Wednesday, August 10, 2005

Jose Padilla: What Democrats Should be Asking Supreme Court Nominee John Roberts

Ever missing the obvious opportunity to exploit an unpopular Bush position, Democrats have been strangely reluctant to ask "originalist constructionalist" Roberts where he stands on the original Bill of Rights. The Supreme Court is NEARING A DECISION on the most important case in American history, because a bad decision will change what it means to be an American. Until Bush's war on terror, it was every American's right to be charged with a crime and tried by a civilian jury upon being arrested by the government. Meaning you can't just disappear American citizens, never to be heard from again.

Of course Bush wants us to trust him on who's a terrorist, the same way we trusted him that Saddam had WMD, that he was trying to obtain yellowcake uranium, and a thousand other lies. JOSE PADILLA was disappeared off the streets of Chicago by the feds in 2001 and almost 4 years later still sits in jail, incommunicado, without being charged with a crime, on the word of a president who wants us to trust him on everything. It's a trial balloon to see how sheep-like Americans will become in the face of a few terrorist punks. After all, that kind of power could come in mighty handy when some FBI whistleblower or some holier-than-thou accountant at the next ENRON decides he wants to make waves for his betters.
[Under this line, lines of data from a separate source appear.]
lemma shifted_quotient_in_int_closure:
  assumes p: "prime p" and r: "int p ^ 2 dvd taylor0 r" "int p dvd taylor1 r"
  shows "Polynomial.smult (1 / of_nat p) (of_int_poly [:-(2 * r^2 + k * r), r + k, 1:]) \<in> int_closure f"
    (is "?t \<in> _")
proof -
  have "degree ?t < 3" by (simp add: degree_smult_le numeral_3_eq_3)
  moreover have "integral_at_roots ?t"
    unfolding integral_at_roots_def
  proof
    fix a assume a: "a \<in> root_set"
    have "eval_rat ?t a = ((a - of_int r)^2 + of_int (taylor2 r) * (a - of_int r)) / of_nat p"
      unfolding eval_rat_smult eval_rat_of_int_poly taylor2_def
      by (simp add: field_simps power2_eq_square of_rat_divide)
    also have "algebraic_int \<dots>"
      using taylor_root_equation[OF a] r p by (intro algebraic_int_cubic_root_quotient) (auto simp: prime_gt_0_nat)
    finally show "algebraic_int (eval_rat ?t a)" .
  qed
  ultimately show ?thesis unfolding mem_int_closure_iff by blast
qed

text \<open>The quotient \<open>((x - r)^2 + f''(r)/2 (x - r)) / p\<close> is integral and has order \<open>p\<close> modulo \<open>\<int>[x]\<close>.\<close>
lemma dvd_ind_if_criterion:
  assumes p: "prime p" and r: "int p ^ 2 dvd taylor0 r" "int p dvd taylor1 r"
  shows "p dvd ind f"
proof -
  define w :: "int poly" where "w = [:-(2 * r^2 + k * r), r + k, 1:]"
  define t :: "rat poly" where "t = Polynomial.smult (1 / of_nat p) (of_int_poly w)"
  have P: "(of_nat p :: rat) \<noteq> 0" using p by (simp add: prime_gt_0_nat)
  have t_closure: "t \<in> int_closure f"
    unfolding t_def w_def using shifted_quotient_in_int_closure[OF assms] .
  have "of_nat p * t = of_int_poly w" unfolding t_def using P by (simp add: of_nat_poly)
  then have pt: "of_nat p * t \<in> int_reps 3" unfolding int_reps_def int_coeffs_def w_def
    by (simp add: numeral_3_eq_3 coeff_pCons split: nat.split)
  have "coeff t 2 = 1 / of_nat p" unfolding t_def w_def by (simp add: numeral_2_eq_2)
  moreover have "(1 / of_nat p :: rat) \<notin> \<int>"
  proof
    assume "(1 / of_nat p :: rat) \<in> \<int>"
    then obtain z where "1 / of_nat p = (of_int z :: rat)" by (meson Ints_cases)
    then have "(of_int (int p * z) :: rat) = of_int 1" using P by (simp add: field_simps)
    then have "int p * z = 1" by (simp only: of_int_eq_iff)
    then show False using p by (simp add: zmult_eq_1_iff)
  qed
  ultimately have "\<not> int_coeffs t" unfolding int_coeffs_def by metis
  then have "t \<notin> int_reps 3" unfolding int_reps_def by blast
  show ?thesis
  proof (cases "finite (coset (int_reps 3) ` int_closure f)")
    case True
    then show ?thesis
      unfolding ind_eq_card_cosets
      using prime_dvd_card_cosets[OF is_add_subgroup_int_reps[OF zero_less_numeral] p pt
          \<open>t \<notin> int_reps 3\<close> is_add_subgroup_int_closure int_reps_subset_int_closure t_closure] by simp
  qed (simp add: ind_eq_card_cosets)
qed

end

definition dedekind_criterion :: "nat \<Rightarrow> int \<Rightarrow> int \<Rightarrow> int \<Rightarrow> bool" where
  "dedekind_criterion p k A B \<longleftrightarrow>
     (\<exists>r. int p ^ 2 dvd r^3 + k*r^2 + A*r + B \<and> int p dvd 3*r^2 + 2*k*r + A)"

lemma power_dvd_if_algebraic_int_quotient:
  assumes "algebraic_int (of_int c / of_nat n ^ m :: complex)" "n > 0"
  shows "int n ^ m dvd c"
proof -
  have "(of_int c / of_nat n ^ m :: complex) \<in> \<rat>"
    by (metis Rats_divide Rats_of_int Rats_of_nat Rats_power)
  with assms(1) have "(of_int c / of_nat n ^ m :: complex) \<in> \<int>"
    by (rule rational_algebraic_int_is_int)
  then obtain z where "(of_int c / of_nat n ^ m :: complex) = of_int z" by (meson Ints_cases)
  then have "(of_int c :: complex) = of_int (int n ^ m * z)" using assms(2) by (simp add: field_simps)
  then have "c = int n ^ m * z" by (simp only: of_int_eq_iff)
  then show ?thesis by simp
qed

lemma inverse_mod_prime:
  fixes p :: nat and c :: int
  assumes "prime p" "\<not> int p dvd c"
  obtains \<beta> \<gamma> where "\<beta> * c = 1 + int p * \<gamma>"
proof -
  have "coprime (int p) c" using assms by (simp add: prime_imp_coprime)
  then obtain u v where "u * int p + v * c = 1" by (metis bezout_int coprime_iff_gcd_eq_1)
  then have "v * c = 1 + int p * (-u)" by (simp add: algebra_simps)
  then show ?thesis using that by blast
qed

text \<open>\<open>homogenize H c v = c^(deg H) H(v/c)\<close>.\<close>
definition homogenize :: "int poly \<Rightarrow> int \<Rightarrow> int poly \<Rightarrow> int poly" where
  "homogenize H c v = (\<Sum>j\<le>degree H. Polynomial.smult (coeff H j * c ^ (degree H - j)) (v ^ j))"

lemma homogenize_monic:
  assumes "monic H"
  obtains R where "homogenize H c v = v ^ degree H + Polynomial.smult c R"
proof -
  define n where "n = degree H"
  define R where "R = (\<Sum>j<n. Polynomial.smult (coeff H j * c ^ (n - j - 1)) (v ^ j))"
  have "(\<Sum>j<n. Polynomial.smult (coeff H j * c ^ (n - j)) (v ^ j)) = Polynomial.smult c R"
    unfolding R_def smult_sum2
  proof (rule sum.cong[OF refl])
    fix j assume "j \<in> {..<n}"
    then have "c ^ (n - j) = c * c ^ (n - j - 1)" by (simp add: power_eq_if)
    then show "Polynomial.smult (coeff H j * c ^ (n - j)) (v ^ j)
        = Polynomial.smult c (Polynomial.smult (coeff H j * c ^ (n - j - 1)) (v ^ j))"
      by (simp add: mult_ac)
  qed
  moreover have "coeff H n = 1" using assms unfolding n_def by simp
  ultimately have "homogenize H c v = v ^ n + Polynomial.smult c R"
    unfolding homogenize_def n_def[symmetric] by (simp add: lessThan_Suc_atMost[symmetric] add.commute)
  then show ?thesis using that unfolding n_def by blast
qed
(* Let $X=[0,\infty)\subset\mathbb{R}$ and $\mathcal{A}=\{\alpha_1,\dots,\alpha_m\}\subset\mathbb{R}$ with $\alpha_1<\cdots<\alpha_m$; identify $\mathbb{R}^{\mathcal{A}}$ with $\mathbb{R}^m$ with standard basis $\delta_1,\dots,\delta_m$. Then the set of normalized reduced $[0,\infty)$-circuits of $\mathcal{A}$ is \[\Lambda^\star_{[0,\infty)}(\mathcal{A})=\{\delta_2-\delta_1\}\cup\Big\{\frac{\alpha_{i+1}-\alpha_i}{\alpha_{i+1}-\alpha_{i-1}}\delta_{i-1}+\frac{\alpha_i-\alpha_{i-1}}{\alpha_{i+1}-\alpha_{i-1}}\delta_{i+1}-\delta_i\ :\ 1<i<m\Big\}\] (for $m\ge2$).
   Context: For a nonempty closed convex $X\subset\mathbb{R}^n$ and nonempty finite $\mathcal{A}\subset\mathbb{R}^n$: $\mathcal{A}\nu=\sum_\alpha\alpha\nu_\alpha$ for $\nu\in\mathbb{R}^{\mathcal{A}}$; $\sigma_X(y)=\sup\{y^Tx:x\in X\}\in\mathbb{R}\cup\{+\infty\}$; for $\beta\in\mathcal{A}$, $N_\beta=\{\nu\in\mathbb{R}^{\mathcal{A}}:\nu_\alpha\ge0\ \forall\alpha\neq\beta,\ \sum_\alpha\nu_\alpha=0\}$. A vector $\nu^\star\in N_\beta$ is an $X$-circuit of $\mathcal{A}$ if (1) $\nu^\star\neq0$, (2) $\sigma_X(-\mathcal{A}\nu^\star)<\infty$, and (3) $\nu^\star$ cannot be written as a convex combination of two non-proportional vectors $\nu^{(1)},\nu^{(2)}\in N_\beta$ such that the map $\nu\mapsto\sigma_X(-\mathcal{A}\nu)$ is affine on the segment $[\nu^{(1)},\nu^{(2)}]$. $\Lambda_X(\mathcal{A})$ is the set of all $X$-circuits normalized so that the unique negative entry equals $-1$. The functional form of $\lambda\in\Lambda_X(\mathcal{A})$ is $\phi_\lambda=(\lambda,\sigma_X(-\mathcal{A}\lambda))\in\mathbb{R}^{\mathcal{A}}\times\mathbb{R}$; the circuit graph is $G_X(\mathcal{A})=\operatorname{cone}(\{\phi_\lambda:\lambda\in\Lambda_X(\mathcal{A})\}\cup\{(0,1)\})$; and the normalized reduced $X$-circuits $\Lambda_X^\star(\mathcal{A})$ are those $\lambda\in\Lambda_X(\mathcal{A})$ for which $\{t\phi_\lambda:t\ge0\}$ is an extreme ray of $G_X(\mathcal{A})$. *)

theory Defs
  imports "HOL-Analysis.Analysis"
begin

text \<open>Vectors in R^A are modelled as functions nu :: 'v => real that vanish outside A.\<close>

definition lin_comb :: "'v::real_vector set \<Rightarrow> ('v \<Rightarrow> real) \<Rightarrow> 'v" where
  "lin_comb A \<nu> = (\<Sum>a\<in>A. \<nu> a *\<^sub>R a)"

definition supp_fun :: "'v::real_inner set \<Rightarrow> 'v \<Rightarrow> ereal" where
  "supp_fun X y = (SUP x\<in>X. ereal (y \<bullet> x))"

definition circ_fun :: "'v::real_inner set \<Rightarrow> 'v set \<Rightarrow> ('v \<Rightarrow> real) \<Rightarrow> ereal" where
  "circ_fun X A \<nu> = supp_fun X (- lin_comb A \<nu>)"

definition Ncone :: "'v set \<Rightarrow> 'v \<Rightarrow> ('v \<Rightarrow> real) set" where
  "Ncone A \<beta> = {\<nu>. (\<forall>a. a \<notin> A \<longrightarrow> \<nu> a = 0) \<and> (\<forall>a\<in>A. a \<noteq> \<beta> \<longrightarrow> \<nu> a \<ge> 0) \<and> (\<Sum>a\<in>A. \<nu> a) = 0}"

definition proportional :: "('v \<Rightarrow> real) \<Rightarrow> ('v \<Rightarrow> real) \<Rightarrow> bool" where
  "proportional \<mu> \<nu> \<longleftrightarrow> (\<exists>c. \<mu> = (\<lambda>a. c * \<nu> a)) \<or> (\<exists>c. \<nu> = (\<lambda>a. c * \<mu> a))"

definition affine_on_segment :: "'v::real_inner set \<Rightarrow> 'v set \<Rightarrow> ('v \<Rightarrow> real) \<Rightarrow> ('v \<Rightarrow> real) \<Rightarrow> bool" where
  "affine_on_segment X A \<nu>1 \<nu>2 \<longleftrightarrow>
     circ_fun X A \<nu>1 < \<infinity> \<and> circ_fun X A \<nu>2 < \<infinity> \<and>
     (\<forall>s::real. 0 \<le> s \<and> s \<le> 1 \<longrightarrow>
        circ_fun X A (\<lambda>a. (1 - s) * \<nu>1 a + s * \<nu>2 a)
          = ereal (1 - s) * circ_fun X A \<nu>1 + ereal s * circ_fun X A \<nu>2)"

definition is_X_circuit :: "'v::real_inner set \<Rightarrow> 'v set \<Rightarrow> 'v \<Rightarrow> ('v \<Rightarrow> real) \<Rightarrow> bool" where
  "is_X_circuit X A \<beta> \<nu> \<longleftrightarrow>
     \<nu> \<in> Ncone A \<beta> \<and> \<nu> \<noteq> (\<lambda>_. 0) \<and> circ_fun X A \<nu> < \<infinity> \<and>
     \<not> (\<exists>\<nu>1 \<in> Ncone A \<beta>. \<exists>\<nu>2 \<in> Ncone A \<beta>. \<exists>t::real. 0 < t \<and> t < 1 \<and>
          \<not> proportional \<nu>1 \<nu>2 \<and>
          \<nu> = (\<lambda>a. (1 - t) * \<nu>1 a + t * \<nu>2 a) \<and>
          affine_on_segment X A \<nu>1 \<nu>2)"

definition norm_circuits :: "'v::real_inner set \<Rightarrow> 'v set \<Rightarrow> ('v \<Rightarrow> real) set" where
  "norm_circuits X A = {l. \<exists>\<beta>\<in>A. is_X_circuit X A \<beta> l \<and> l \<beta> = -1}"

definition func_form :: "'v::real_inner set \<Rightarrow> 'v set \<Rightarrow> ('v \<Rightarrow> real) \<Rightarrow> ('v \<Rightarrow> real) \<times> real" where
  "func_form X A l = (l, real_of_ereal (circ_fun X A l))"

definition circuit_graph :: "'v::real_inner set \<Rightarrow> 'v set \<Rightarrow> (('v \<Rightarrow> real) \<times> real) set" where
  "circuit_graph X A = {(\<nu>, r). \<exists>S c d. finite S \<and> S \<subseteq> norm_circuits X A \<and>
       (\<forall>l\<in>S. c l \<ge> (0::real)) \<and> d \<ge> (0::real) \<and>
       \<nu> = (\<lambda>a. \<Sum>l\<in>S. c l * fst (func_form X A l) a) \<and>
       r = (\<Sum>l\<in>S. c l * snd (func_form X A l)) + d}"

definition ray :: "('v \<Rightarrow> real) \<times> real \<Rightarrow> (('v \<Rightarrow> real) \<times> real) set" where
  "ray p = {((\<lambda>a. t * fst p a), t * snd p) | t. t \<ge> (0::real)}"

definition extreme_ray :: "(('v \<Rightarrow> real) \<times> real) set \<Rightarrow> ('v \<Rightarrow> real) \<times> real \<Rightarrow> bool" where
  "extreme_ray G p \<longleftrightarrow> p \<noteq> ((\<lambda>_. 0), 0) \<and> ray p \<subseteq> G \<and>
     (\<forall>x\<in>G. \<forall>y\<in>G. ((\<lambda>a. fst x a + fst y a), snd x + snd y) \<in> ray p \<longrightarrow> x \<in> ray p \<and> y \<in> ray p)"

definition reduced_circuits :: "'v::real_inner set \<Rightarrow> 'v set \<Rightarrow> ('v \<Rightarrow> real) set" where
  "reduced_circuits X A = {l \<in> norm_circuits X A. extreme_ray (circuit_graph X A) (func_form X A l)}"

end

theory Submission
  imports Defs
begin

text \<open>
  For \<open>X = [0,\<infinity>)\<close> one has \<open>\<sigma>\<^sub>X(-\<A>\<nu>) = 0\<close> if \<open>\<Sum>\<^sub>a \<nu>\<^sub>a a \<ge> 0\<close> and \<open>\<infinity>\<close> otherwise, so
  every functional form is \<open>(\<lambda>, 0)\<close> and the circuit graph is the cone spanned by the
  normalized circuits, with an arbitrary nonnegative last coordinate. Pair a vector \<open>\<nu>\<close>
  supported on \<open>\<A>\<close> with the hinge functions \<open>a \<mapsto> max 0 (a - t)\<close>: if \<open>\<nu> \<in> N\<^sub>\<beta>\<close> and
  \<open>\<Sum>\<^sub>a \<nu>\<^sub>a a \<ge> 0\<close>, all these hinge moments are nonnegative (treat \<open>t \<ge> \<beta>\<close> and \<open>t < \<beta>\<close>
  separately). The claimed circuits \<open>\<lambda>\<^sub>1 = \<delta>\<^sub>2 - \<delta>\<^sub>1\<close> and the barycentric \<open>\<lambda>\<^sub>i\<close>
  (\<open>1 < i < m\<close>) are, up to positive scalars, the basis of zero-sum vectors dual to the hinge
  moments at \<open>\<alpha>\<^sub>1, \<dots>, \<alpha>\<^sub>m\<^sub>-\<^sub>1\<close>; that these moments determine a zero-sum vector is seen
  by reading them off from the top node downwards. Hence every circuit lies in the simplicial
  cone spanned by the \<open>\<lambda>\<^sub>i\<close>, each \<open>\<lambda>\<^sub>i\<close> is a circuit, and the reduced circuits are exactly
  the \<open>\<lambda>\<^sub>i\<close>.
\<close>

section \<open>The half-line \<open>[0,\<infinity>)\<close> and hinge moments\<close>

lemma supp_fun_halfline:
  fixes y :: real
  shows "supp_fun {0..} y = (if y \<le> 0 then 0 else \<infinity>)"
proof (cases "y \<le> 0")
  case True
  have "(SUP x\<in>{0::real..}. ereal (y * x)) = 0"
  proof (rule antisym)
    show "(SUP x\<in>{0::real..}. ereal (y * x)) \<le> 0"
      by (rule SUP_least) (use True in \<open>auto simp: mult_nonpos_nonneg\<close>)
    show "0 \<le> (SUP x\<in>{0::real..}. ereal (y * x))"
      using SUP_upper[of "0::real" "{0..}" "\<lambda>x. ereal (y * x)"] by (simp add: zero_ereal_def)
  qed
  then show ?thesis
    using True by (simp add: supp_fun_def)
next
  case False
  have "(SUP x\<in>{0::real..}. ereal (y * x)) = \<infinity>"
  proof (rule SUP_PInfty)
    fix n :: nat
    show "\<exists>x\<in>{0::real..}. ereal (real n) \<le> ereal (y * x)"
      using False by (intro bexI[of _ "real n / y"]) auto
  qed
  then show ?thesis
    using False by (simp add: supp_fun_def)
qed

lemma lin_comb_real: "lin_comb A \<nu> = (\<Sum>a\<in>A. \<nu> a * (a::real))"
  by (simp add: lin_comb_def)

lemma circ_fun_halfline:
  fixes A :: "real set"
  shows "circ_fun {0..} A \<nu> = (if 0 \<le> lin_comb A \<nu> then 0 else \<infinity>)"
  by (simp add: circ_fun_def supp_fun_halfline)

definition hinge_moment :: "real set \<Rightarrow> real \<Rightarrow> (real \<Rightarrow> real) \<Rightarrow> real" where
  "hinge_moment A t \<nu> = (\<Sum>a\<in>A. \<nu> a * max 0 (a - t))"

lemma hinge_moment_add:
  "hinge_moment A t (\<lambda>a. f a + g a) = hinge_moment A t f + hinge_moment A t g"
  by (simp add: hinge_moment_def distrib_right sum.distrib)

lemma hinge_moment_diff:
  "hinge_moment A t (\<lambda>a. f a - g a) = hinge_moment A t f - hinge_moment A t g"
  by (simp add: hinge_moment_def left_diff_distrib sum_subtractf)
It's the ultimate arbitrary power: the power to make someone vanish. The Argentine Junta, Salvadoran death squads, and every other dictatorship worth its salt has used it against political opponents. Forget Valerie Plame, this is the strongest argument for the impeachment: Bush's failure to uphold his OATH OF OFFICE, which is "to the best of my ability, preserve, protect, and defend the Constitution of the United States." Period, end of oath, all she wrote.